DIRECTIONS:
Tell how many lines of the entries below include the string "UNIV". Respond with the number alone.

EXCERPTED DATA:

(* Let $(B,\mathfrak{m})$ be a deformation base, $X$ a vector space and $Y\subseteq B\widehat{\otimes}X$ a pseudoclosed $B$-submodule. Then $BY=B\cdot Y$ and $\mathfrak{m}^kY=\mathfrak{m}^k\cdot Y$ for every $k$.
   Context: Deformation base: complete local Noetherian unital $\mathbb{C}$-algebra $B$ with maximal ideal $\mathfrak{m}$, $B/\mathfrak{m}=\mathbb{C}$; $B\widehat{\otimes}X=\varprojlim(B/\mathfrak{m}^k\otimes X)$. For a subspace $Y\subseteq B\widehat{\otimes}X$: $BY=\{\sum_{i\ge0}b_iy_i:y_i\in Y,b_i\in\mathfrak{m}^{k_i},k_i\to\infty\}$ (convergent series), $\mathfrak{m}^kY$ is the same set with all $k_i\ge k$, while $B\cdot Y$ and $\mathfrak{m}^k\cdot Y$ denote the finite spans of products $by$ with $b\in B$ (resp. $b\in\mathfrak{m}^k$) and $y\in Y$. $Y$ is pseudoclosed if $BY\subseteq Y$. *)

theory Defs
  imports Complex_Main
begin

definition is_ideal :: "'b::comm_ring_1 set \<Rightarrow> bool" where
  "is_ideal I \<longleftrightarrow> 0 \<in> I \<and> (\<forall>x\<in>I. \<forall>y\<in>I. x + y \<in> I) \<and> (\<forall>a. \<forall>x\<in>I. a * x \<in> I)"

definition ideal_gen :: "'b::comm_ring_1 set \<Rightarrow> 'b set" where
  "ideal_gen F = {\<Sum>f\<in>G. c f * f | G c. finite G \<and> G \<subseteq> F}"

definition ideal_pow :: "'b::comm_ring_1 set \<Rightarrow> nat \<Rightarrow> 'b set" where
  "ideal_pow m k = ideal_gen {prod_list xs | xs. length xs = k \<and> set xs \<subseteq> m}"

definition is_maximal_ideal :: "'b::comm_ring_1 set \<Rightarrow> bool" where
  "is_maximal_ideal I \<longleftrightarrow> is_ideal I \<and> I \<noteq> UNIV \<and>
     (\<forall>J. is_ideal J \<and> I \<subseteq> J \<longrightarrow> J = I \<or> J = UNIV)"

definition noetherian_ring :: "'b::comm_ring_1 itself \<Rightarrow> bool" where
  "noetherian_ring _ \<longleftrightarrow> (\<forall>I::'b set. is_ideal I \<longrightarrow> (\<exists>F. finite F \<and> I = ideal_gen F))"

definition madic_lim :: "'b::comm_ring_1 set \<Rightarrow> (nat \<Rightarrow> 'b) \<Rightarrow> 'b \<Rightarrow> bool" where
  "madic_lim m u l \<longleftrightarrow> (\<forall>k. \<exists>N. \<forall>n\<ge>N. l - u n \<in> ideal_pow m k)"

text \<open>B is m-adically complete and separated, i.e. B = lim B/m^k.\<close>
definition madic_complete :: "'b::comm_ring_1 set \<Rightarrow> bool" where
  "madic_complete m \<longleftrightarrow>
     (\<Inter>k. ideal_pow m k) = {0} \<and>
     (\<forall>u. (\<forall>k. \<exists>N. \<forall>n\<ge>N. \<forall>n'\<ge>N. u n - u n' \<in> ideal_pow m k) \<longrightarrow> (\<exists>l. madic_lim m u l))"

text \<open>Deformation base: complete local Noetherian unital commutative C-algebra (B,m),
  with C-algebra structure given by the ring homomorphism iota, and B/m = C.\<close>
definition deformation_base :: "(complex \<Rightarrow> 'b::comm_ring_1) \<Rightarrow> 'b set \<Rightarrow> bool" where
  "deformation_base \<iota> m \<longleftrightarrow>
     (\<forall>a b. \<iota> (a + b) = \<iota> a + \<iota> b) \<and> (\<forall>a b. \<iota> (a * b) = \<iota> a * \<iota> b) \<and> \<iota> 1 = 1 \<and>
     is_maximal_ideal m \<and> (\<forall>I. is_maximal_ideal I \<longrightarrow> I = m) \<and>
     noetherian_ring TYPE('b) \<and>
     (\<forall>b. \<exists>!c. b - \<iota> c \<in> m) \<and>
     madic_complete m"

text \<open>B/m^k \<otimes> X = finitely supported functions S \<rightarrow> B/m^k; the inverse limit consists of
  functions f : S \<rightarrow> B such that f mod m^k is finitely supported for every k.\<close>
definition ctensor :: "'b::comm_ring_1 set \<Rightarrow> 's set \<Rightarrow> ('s \<Rightarrow> 'b) set" where
  "ctensor m S = {f. (\<forall>s. s \<notin> S \<longrightarrow> f s = 0) \<and> (\<forall>k. finite {s\<in>S. f s \<notin> ideal_pow m k})}"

RESULT:
2